(* Let $G$ be a finite group and $f \ge 0$. Call an irreducible representation $\lambda$ of $G$ $f$-smooth if $\sum_{g \in G} \left|\chi_\lambda(g)/d_\lambda\right|^4 \le f$. Let $\lambda,\mu,\lambda',\mu'$ be irreducible representations of $G$, and suppose $\lambda$ and $\mu$ are $f$-smooth. Then \[ P_{\rm coll}^{\lambda\otimes\mu,\lambda'\otimes\mu'} \le \frac{\max_\tau d_\tau}{\sqrt{|G|}}\sqrt{f}, \] where the maximum is over irreducible representations $\tau$ of $G$.
   Context: For irreps $\lambda,\mu,\tau$ of a finite group $G$, with characters $\chi$ and dimensions $d$, the natural distribution on irreps in $\lambda\otimes\mu$ is $P^{\lambda\otimes\mu}_\tau = \frac{d_\tau}{d_\lambda d_\mu}\langle \chi_\tau, \chi_\lambda\chi_\mu\rangle_G$, where $\langle \phi,\psi\rangle_G = \frac{1}{|G|}\sum_{g\in G}\phi(g)\psi(g)^*$. The collision probability is $P_{\rm coll}^{\lambda\otimes\mu,\lambda'\otimes\mu'} = \sum_\tau P^{\lambda\otimes\mu}_\tau P^{\lambda'\otimes\mu'}_\tau$, summing over all irreps $\tau$ of $G$. *)

theory Defs
  imports "HOL-Algebra.Group" "Jordan_Normal_Form.Matrix"
begin

definition rep :: "('a, 'b) monoid_scheme \<Rightarrow> nat \<Rightarrow> ('a \<Rightarrow> complex mat) \<Rightarrow> bool" where
  "rep G d \<rho> \<longleftrightarrow>
     (\<forall>g \<in> carrier G. \<rho> g \<in> carrier_mat d d) \<and>
     \<rho> \<one>\<^bsub>G\<^esub> = 1\<^sub>m d \<and>
     (\<forall>g \<in> carrier G. \<forall>h \<in> carrier G. \<rho> (g \<otimes>\<^bsub>G\<^esub> h) = \<rho> g * \<rho> h)"

definition subspace_vec :: "nat \<Rightarrow> complex vec set \<Rightarrow> bool" where
  "subspace_vec d W \<longleftrightarrow> W \<subseteq> carrier_vec d \<and> 0\<^sub>v d \<in> W \<and>
     (\<forall>v \<in> W. \<forall>w \<in> W. v + w \<in> W) \<and> (\<forall>c. \<forall>v \<in> W. c \<cdot>\<^sub>v v \<in> W)"

definition irrep :: "('a, 'b) monoid_scheme \<Rightarrow> nat \<Rightarrow> ('a \<Rightarrow> complex mat) \<Rightarrow> bool" where
  "irrep G d \<rho> \<longleftrightarrow> rep G d \<rho> \<and> d > 0 \<and>
     (\<forall>W. subspace_vec d W \<and> (\<forall>g \<in> carrier G. \<forall>v \<in> W. \<rho> g *\<^sub>v v \<in> W)
          \<longrightarrow> W = {0\<^sub>v d} \<or> W = carrier_vec d)"

definition mat_trace :: "complex mat \<Rightarrow> complex" where
  "mat_trace A = (\<Sum>i<dim_row A. A $$ (i, i))"

definition character :: "('a, 'b) monoid_scheme \<Rightarrow> ('a \<Rightarrow> complex mat) \<Rightarrow> 'a \<Rightarrow> complex" where
  "character G \<rho> = (\<lambda>g. if g \<in> carrier G then mat_trace (\<rho> g) else 0)"

text \<open>The set of irreducible characters; summing over it = summing over irreps up to isomorphism.\<close>
definition irr_chars :: "('a, 'b) monoid_scheme \<Rightarrow> ('a \<Rightarrow> complex) set" where
  "irr_chars G = {character G \<rho> | d \<rho>. irrep G d \<rho>}"

definition char_dim :: "('a, 'b) monoid_scheme \<Rightarrow> ('a \<Rightarrow> complex) \<Rightarrow> real" where
  "char_dim G \<chi> = Re (\<chi> \<one>\<^bsub>G\<^esub>)"

definition class_inner :: "('a, 'b) monoid_scheme \<Rightarrow> ('a \<Rightarrow> complex) \<Rightarrow> ('a \<Rightarrow> complex) \<Rightarrow> complex" where
  "class_inner G \<phi> \<psi> = (\<Sum>g \<in> carrier G. \<phi> g * cnj (\<psi> g)) / of_nat (card (carrier G))"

__________

### WHAT THE TASK REQUIRES
The full listing above needs to be transcribed exactly.

### WRITTEN ANSWER
(* Let $G$ be a finite group and $f \ge 0$. Call an irreducible representation $\lambda$ of $G$ $f$-smooth if $\sum_{g \in G} \left|\chi_\lambda(g)/d_\lambda\right|^4 \le f$. Let $\lambda,\mu,\lambda',\mu'$ be irreducible representations of $G$, and suppose $\lambda$ and $\mu$ are $f$-smooth. Then \[ P_{\rm coll}^{\lambda\otimes\mu,\lambda'\otimes\mu'} \le \frac{\max_\tau d_\tau}{\sqrt{|G|}}\sqrt{f}, \] where the maximum is over irreducible representations $\tau$ of $G$.
   Context: For irreps $\lambda,\mu,\tau$ of a finite group $G$, with characters $\chi$ and dimensions $d$, the natural distribution on irreps in $\lambda\otimes\mu$ is $P^{\lambda\otimes\mu}_\tau = \frac{d_\tau}{d_\lambda d_\mu}\langle \chi_\tau, \chi_\lambda\chi_\mu\rangle_G$, where $\langle \phi,\psi\rangle_G = \frac{1}{|G|}\sum_{g\in G}\phi(g)\psi(g)^*$. The collision probability is $P_{\rm coll}^{\lambda\otimes\mu,\lambda'\otimes\mu'} = \sum_\tau P^{\lambda\otimes\mu}_\tau P^{\lambda'\otimes\mu'}_\tau$, summing over all irreps $\tau$ of $G$. *)

theory Defs
  imports "HOL-Algebra.Group" "Jordan_Normal_Form.Matrix"
begin

definition rep :: "('a, 'b) monoid_scheme \<Rightarrow> nat \<Rightarrow> ('a \<Rightarrow> complex mat) \<Rightarrow> bool" where
  "rep G d \<rho> \<longleftrightarrow>
     (\<forall>g \<in> carrier G. \<rho> g \<in> carrier_mat d d) \<and>
     \<rho> \<one>\<^bsub>G\<^esub> = 1\<^sub>m d \<and>
     (\<forall>g \<in> carrier G. \<forall>h \<in> carrier G. \<rho> (g \<otimes>\<^bsub>G\<^esub> h) = \<rho> g * \<rho> h)"

definition subspace_vec :: "nat \<Rightarrow> complex vec set \<Rightarrow> bool" where
  "subspace_vec d W \<longleftrightarrow> W \<subseteq> carrier_vec d \<and> 0\<^sub>v d \<in> W \<and>
     (\<forall>v \<in> W. \<forall>w \<in> W. v + w \<in> W) \<and> (\<forall>c. \<forall>v \<in> W. c \<cdot>\<^sub>v v \<in> W)"

definition irrep :: "('a, 'b) monoid_scheme \<Rightarrow> nat \<Rightarrow> ('a \<Rightarrow> complex mat) \<Rightarrow> bool" where
  "irrep G d \<rho> \<longleftrightarrow> rep G d \<rho> \<and> d > 0 \<and>
     (\<forall>W. subspace_vec d W \<and> (\<forall>g \<in> carrier G. \<forall>v \<in> W. \<rho> g *\<^sub>v v \<in> W)
          \<longrightarrow> W = {0\<^sub>v d} \<or> W = carrier_vec d)"

definition mat_trace :: "complex mat \<Rightarrow> complex" where
  "mat_trace A = (\<Sum>i<dim_row A. A $$ (i, i))"

definition character :: "('a, 'b) monoid_scheme \<Rightarrow> ('a \<Rightarrow> complex mat) \<Rightarrow> 'a \<Rightarrow> complex" where
  "character G \<rho> = (\<lambda>g. if g \<in> carrier G then mat_trace (\<rho> g) else 0)"

text \<open>The set of irreducible characters; summing over it = summing over irreps up to isomorphism.\<close>
definition irr_chars :: "('a, 'b) monoid_scheme \<Rightarrow> ('a \<Rightarrow> complex) set" where
  "irr_chars G = {character G \<rho> | d \<rho>. irrep G d \<rho>}"

definition char_dim :: "('a, 'b) monoid_scheme \<Rightarrow> ('a \<Rightarrow> complex) \<Rightarrow> real" where
  "char_dim G \<chi> = Re (\<chi> \<one>\<^bsub>G\<^esub>)"

definition class_inner :: "('a, 'b) monoid_scheme \<Rightarrow> ('a \<Rightarrow> complex) \<Rightarrow> ('a \<Rightarrow> complex) \<Rightarrow> complex" where
  "class_inner G \<phi> \<psi> = (\<Sum>g \<in> carrier G. \<phi> g * cnj (\<psi> g)) / of_nat (card (carrier G))"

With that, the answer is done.